• **Work order**
Starting with the first line and ending with the last, transcribe the data exactly.

• **Recorded information**
lemma cholesky_factor_no_fill:
  fixes L :: "real mat"
  assumes L: "L \<in> carrier_mat n n"
    and upper_zero: "\<And>i j. i < j \<Longrightarrow> j < n \<Longrightarrow> L $$ (i, j) = 0"
    and diag: "\<And>i. i < n \<Longrightarrow> L $$ (i, i) \<noteq> 0"
    and gram: "in_S (L * L\<^sup>T) Q"
    and refl: "\<And>i. i < n \<Longrightarrow> Q i i"
    and no_fill: "\<And>c d e. e < d \<Longrightarrow> d < c \<Longrightarrow> c < n \<Longrightarrow> Q c e \<Longrightarrow> Q d e \<Longrightarrow> Q c d"
  shows "in_S L (pat_lower Q)"
proof -
  have "L $$ (c, d) = 0" if "d < n" "c < n" "\<not> (d \<le> c \<and> Q c d)" for c d
    using that
  proof (induction d arbitrary: c rule: less_induct)
    case (less d)
    consider "c < d" | "d < c" "\<not> Q c d"
      using less.prems refl by (cases c d rule: linorder_cases) auto
    then show ?case
    proof cases
      case 1
      then show ?thesis using upper_zero less.prems by auto
    next
      case 2
      have "(L * L\<^sup>T) $$ (c, d) = L $$ (c, d) * L\<^sup>T $$ (d, d)"
      proof (rule index_mult_mat_single_term)
        fix e assume e: "e < n" "e \<noteq> d"
        show "L $$ (c, e) * L\<^sup>T $$ (e, d) = 0"
        proof (cases "d < e")
          case True
          then show ?thesis using upper_zero e less.prems L by auto
        next
          case False
          then have "e < d" using e by auto
          then have "\<not> (Q c e \<and> Q d e)"
            using no_fill[of e d c] 2 less.prems by auto
          then have "L $$ (c, e) = 0 \<or> L $$ (d, e) = 0"
            using less.IH[of e c] less.IH[of e d] \<open>e < d\<close> 2 less.prems by auto
          then show ?thesis using e less.prems L by auto
        qed
      qed (use L less.prems in auto)
      moreover have "(L * L\<^sup>T) $$ (c, d) = 0"
        using gram 2 less.prems L unfolding in_S_def by auto
      ultimately show ?thesis
        using diag[of d] less.prems L by auto
    qed
  qed
  then show ?thesis
    using L unfolding in_S_def pat_lower_def by auto
qed

lemma lower_triangular_inverse_no_fill:
  fixes L X :: "real mat"
  assumes L: "L \<in> carrier_mat n n" and X: "X \<in> carrier_mat n n" and LX: "L * X = 1\<^sub>m n"
    and L_pattern: "in_S L (pat_lower Q)"
    and diag: "\<And>i. i < n \<Longrightarrow> L $$ (i, i) \<noteq> 0"
    and refl: "\<And>i. i < n \<Longrightarrow> Q i i"
    and trans: "\<And>c d e. d < e \<Longrightarrow> e < c \<Longrightarrow> c < n \<Longrightarrow> Q c e \<Longrightarrow> Q e d \<Longrightarrow> Q c d"
  shows "in_S X (pat_lower Q)"
proof -
  have L_nonzero: "e \<le> c \<and> Q c e" if "L $$ (c, e) \<noteq> 0" "c < n" "e < n" for c e
    using L_pattern L that unfolding in_S_def pat_lower_def by auto
  have "X $$ (c, d) = 0" if "c < n" "d < n" "\<not> (d \<le> c \<and> Q c d)" for c d
    using that
  proof (induction c arbitrary: d rule: less_induct)
    case (less c)
    have "c \<noteq> d" using less.prems refl by auto
    have "(L * X) $$ (c, d) = L $$ (c, c) * X $$ (c, d)"
    proof (rule index_mult_mat_single_term)
      fix e assume e: "e < n" "e \<noteq> c"
      show "L $$ (c, e) * X $$ (e, d) = 0"
      proof (rule ccontr)
        assume "L $$ (c, e) * X $$ (e, d) \<noteq> 0"
        then have "e < c" "Q c e" "d \<le> e" "Q e d"
          using L_nonzero[of c e] less.IH[of e d] less.prems e by auto
        then show False
          using trans[of d e c] less.prems by (cases "d = e") auto
      qed
    qed (use L X less.prems in auto)
    moreover have "(L * X) $$ (c, d) = 0"
      using LX \<open>c \<noteq> d\<close> less.prems by auto
    ultimately show ?case
      using diag[of c] less.prems by auto
  qed
  then show ?thesis
    using X unfolding in_S_def pat_lower_def by auto
qed

lemma regions_prefix_closed: "q \<in> regions J M \<Longrightarrow> prefix p q \<Longrightarrow> p \<in> regions J M"
  unfolding regions_def using prefix_length_le set_mono_prefix by fastforce

lemma mr_partition_children:
  assumes "mr_partition n J M Ireg" "p \<in> regions J M" "length p < M"
  shows "Ireg p = (\<Union>j<J. Ireg (p @ [j]))"
    and "j < J \<Longrightarrow> j' < J \<Longrightarrow> j \<noteq> j' \<Longrightarrow> Ireg (p @ [j]) \<inter> Ireg (p @ [j']) = {}"
proof -
  have "\<forall>p \<in> regions J M. length p < M \<longrightarrow>
          Ireg p = (\<Union>j<J. Ireg (p @ [j])) \<and>
          (\<forall>j<J. \<forall>j'<J. j \<noteq> j' \<longrightarrow> Ireg (p @ [j]) \<inter> Ireg (p @ [j']) = {})"
    using assms(1) unfolding mr_partition_def by (elim conjE)
  then show "Ireg p = (\<Union>j<J. Ireg (p @ [j]))"
    and "j < J \<Longrightarrow> j' < J \<Longrightarrow> j \<noteq> j' \<Longrightarrow> Ireg (p @ [j]) \<inter> Ireg (p @ [j']) = {}"
    using assms(2,3) by simp_all
qed

lemma Ireg_prefix_antimono:
  assumes part: "mr_partition n J M Ireg" and "q \<in> regions J M" and "prefix p q"
  shows "Ireg q \<subseteq> Ireg p"
proof -
  obtain s where "q = p @ s" using \<open>prefix p q\<close> prefixE by blast
  have "p @ s \<in> regions J M \<Longrightarrow> Ireg (p @ s) \<subseteq> Ireg p"
  proof (induction s rule: rev_induct)
    case (snoc j s)
    have ps: "p @ s \<in> regions J M"
      using snoc.prems regions_prefix_closed[of "p @ s @ [j]" J M "p @ s"] by simp
    have "length (p @ s) < M" and "j < J"
      using snoc.prems unfolding regions_def by auto
    then have "Ireg (p @ s @ [j]) \<subseteq> Ireg (p @ s)"
      using mr_partition_children(1)[OF part ps] by auto
    then show ?case using snoc.IH ps by auto
  qed simp
  then show ?thesis using \<open>q \<in> regions J M\<close> \<open>q = p @ s\<close> by simp
qed

lemma Ireg_subset_grid:
  assumes "mr_partition n J M Ireg" "q \<in> regions J M"
  shows "Ireg q \<subseteq> {..<n}"
proof -
  have "Ireg [] = {..<n}" using assms(1) unfolding mr_partition_def by simp
  then show ?thesis using Ireg_prefix_antimono[OF assms, of "[]"] by simp
qed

• **Expected answer**
lemma cholesky_factor_no_fill:
  fixes L :: "real mat"
  assumes L: "L \<in> carrier_mat n n"
    and upper_zero: "\<And>i j. i < j \<Longrightarrow> j < n \<Longrightarrow> L $$ (i, j) = 0"
    and diag: "\<And>i. i < n \<Longrightarrow> L $$ (i, i) \<noteq> 0"
    and gram: "in_S (L * L\<^sup>T) Q"
    and refl: "\<And>i. i < n \<Longrightarrow> Q i i"
    and no_fill: "\<And>c d e. e < d \<Longrightarrow> d < c \<Longrightarrow> c < n \<Longrightarrow> Q c e \<Longrightarrow> Q d e \<Longrightarrow> Q c d"
  shows "in_S L (pat_lower Q)"
proof -
  have "L $$ (c, d) = 0" if "d < n" "c < n" "\<not> (d \<le> c \<and> Q c d)" for c d
    using that
  proof (induction d arbitrary: c rule: less_induct)
    case (less d)
    consider "c < d" | "d < c" "\<not> Q c d"
      using less.prems refl by (cases c d rule: linorder_cases) auto
    then show ?case
    proof cases
      case 1
      then show ?thesis using upper_zero less.prems by auto
    next
      case 2
      have "(L * L\<^sup>T) $$ (c, d) = L $$ (c, d) * L\<^sup>T $$ (d, d)"
      proof (rule index_mult_mat_single_term)
        fix e assume e: "e < n" "e \<noteq> d"
        show "L $$ (c, e) * L\<^sup>T $$ (e, d) = 0"
        proof (cases "d < e")
          case True
          then show ?thesis using upper_zero e less.prems L by auto
        next
          case False
          then have "e < d" using e by auto
          then have "\<not> (Q c e \<and> Q d e)"
            using no_fill[of e d c] 2 less.prems by auto
          then have "L $$ (c, e) = 0 \<or> L $$ (d, e) = 0"
            using less.IH[of e c] less.IH[of e d] \<open>e < d\<close> 2 less.prems by auto
          then show ?thesis using e less.prems L by auto
        qed
      qed (use L less.prems in auto)
      moreover have "(L * L\<^sup>T) $$ (c, d) = 0"
        using gram 2 less.prems L unfolding in_S_def by auto
      ultimately show ?thesis
        using diag[of d] less.prems L by auto
    qed
  qed
  then show ?thesis
    using L unfolding in_S_def pat_lower_def by auto
qed

lemma lower_triangular_inverse_no_fill:
  fixes L X :: "real mat"
  assumes L: "L \<in> carrier_mat n n" and X: "X \<in> carrier_mat n n" and LX: "L * X = 1\<^sub>m n"
    and L_pattern: "in_S L (pat_lower Q)"
    and diag: "\<And>i. i < n \<Longrightarrow> L $$ (i, i) \<noteq> 0"
    and refl: "\<And>i. i < n \<Longrightarrow> Q i i"
    and trans: "\<And>c d e. d < e \<Longrightarrow> e < c \<Longrightarrow> c < n \<Longrightarrow> Q c e \<Longrightarrow> Q e d \<Longrightarrow> Q c d"
  shows "in_S X (pat_lower Q)"
proof -
  have L_nonzero: "e \<le> c \<and> Q c e" if "L $$ (c, e) \<noteq> 0" "c < n" "e < n" for c e
    using L_pattern L that unfolding in_S_def pat_lower_def by auto
  have "X $$ (c, d) = 0" if "c < n" "d < n" "\<not> (d \<le> c \<and> Q c d)" for c d
    using that
  proof (induction c arbitrary: d rule: less_induct)
    case (less c)
    have "c \<noteq> d" using less.prems refl by auto
    have "(L * X) $$ (c, d) = L $$ (c, c) * X $$ (c, d)"
    proof (rule index_mult_mat_single_term)
      fix e assume e: "e < n" "e \<noteq> c"
      show "L $$ (c, e) * X $$ (e, d) = 0"
      proof (rule ccontr)
        assume "L $$ (c, e) * X $$ (e, d) \<noteq> 0"
        then have "e < c" "Q c e" "d \<le> e" "Q e d"
          using L_nonzero[of c e] less.IH[of e d] less.prems e by auto
        then show False
          using trans[of d e c] less.prems by (cases "d = e") auto
      qed
    qed (use L X less.prems in auto)
    moreover have "(L * X) $$ (c, d) = 0"
      using LX \<open>c \<noteq> d\<close> less.prems by auto
    ultimately show ?case
      using diag[of c] less.prems by auto
  qed
  then show ?thesis
    using X unfolding in_S_def pat_lower_def by auto
qed

lemma regions_prefix_closed: "q \<in> regions J M \<Longrightarrow> prefix p q \<Longrightarrow> p \<in> regions J M"
  unfolding regions_def using prefix_length_le set_mono_prefix by fastforce

lemma mr_partition_children:
  assumes "mr_partition n J M Ireg" "p \<in> regions J M" "length p < M"
  shows "Ireg p = (\<Union>j<J. Ireg (p @ [j]))"
    and "j < J \<Longrightarrow> j' < J \<Longrightarrow> j \<noteq> j' \<Longrightarrow> Ireg (p @ [j]) \<inter> Ireg (p @ [j']) = {}"
proof -
  have "\<forall>p \<in> regions J M. length p < M \<longrightarrow>
          Ireg p = (\<Union>j<J. Ireg (p @ [j])) \<and>
          (\<forall>j<J. \<forall>j'<J. j \<noteq> j' \<longrightarrow> Ireg (p @ [j]) \<inter> Ireg (p @ [j']) = {})"
    using assms(1) unfolding mr_partition_def by (elim conjE)
  then show "Ireg p = (\<Union>j<J. Ireg (p @ [j]))"
    and "j < J \<Longrightarrow> j' < J \<Longrightarrow> j \<noteq> j' \<Longrightarrow> Ireg (p @ [j]) \<inter> Ireg (p @ [j']) = {}"
    using assms(2,3) by simp_all
qed

lemma Ireg_prefix_antimono:
  assumes part: "mr_partition n J M Ireg" and "q \<in> regions J M" and "prefix p q"
  shows "Ireg q \<subseteq> Ireg p"
proof -
  obtain s where "q = p @ s" using \<open>prefix p q\<close> prefixE by blast
  have "p @ s \<in> regions J M \<Longrightarrow> Ireg (p @ s) \<subseteq> Ireg p"
  proof (induction s rule: rev_induct)
    case (snoc j s)
    have ps: "p @ s \<in> regions J M"
      using snoc.prems regions_prefix_closed[of "p @ s @ [j]" J M "p @ s"] by simp
    have "length (p @ s) < M" and "j < J"
      using snoc.prems unfolding regions_def by auto
    then have "Ireg (p @ s @ [j]) \<subseteq> Ireg (p @ s)"
      using mr_partition_children(1)[OF part ps] by auto
    then show ?case using snoc.IH ps by auto
  qed simp
  then show ?thesis using \<open>q \<in> regions J M\<close> \<open>q = p @ s\<close> by simp
qed

lemma Ireg_subset_grid:
  assumes "mr_partition n J M Ireg" "q \<in> regions J M"
  shows "Ireg q \<subseteq> {..<n}"
proof -
  have "Ireg [] = {..<n}" using assms(1) unfolding mr_partition_def by simp
  then show ?thesis using Ireg_prefix_antimono[OF assms, of "[]"] by simp
qed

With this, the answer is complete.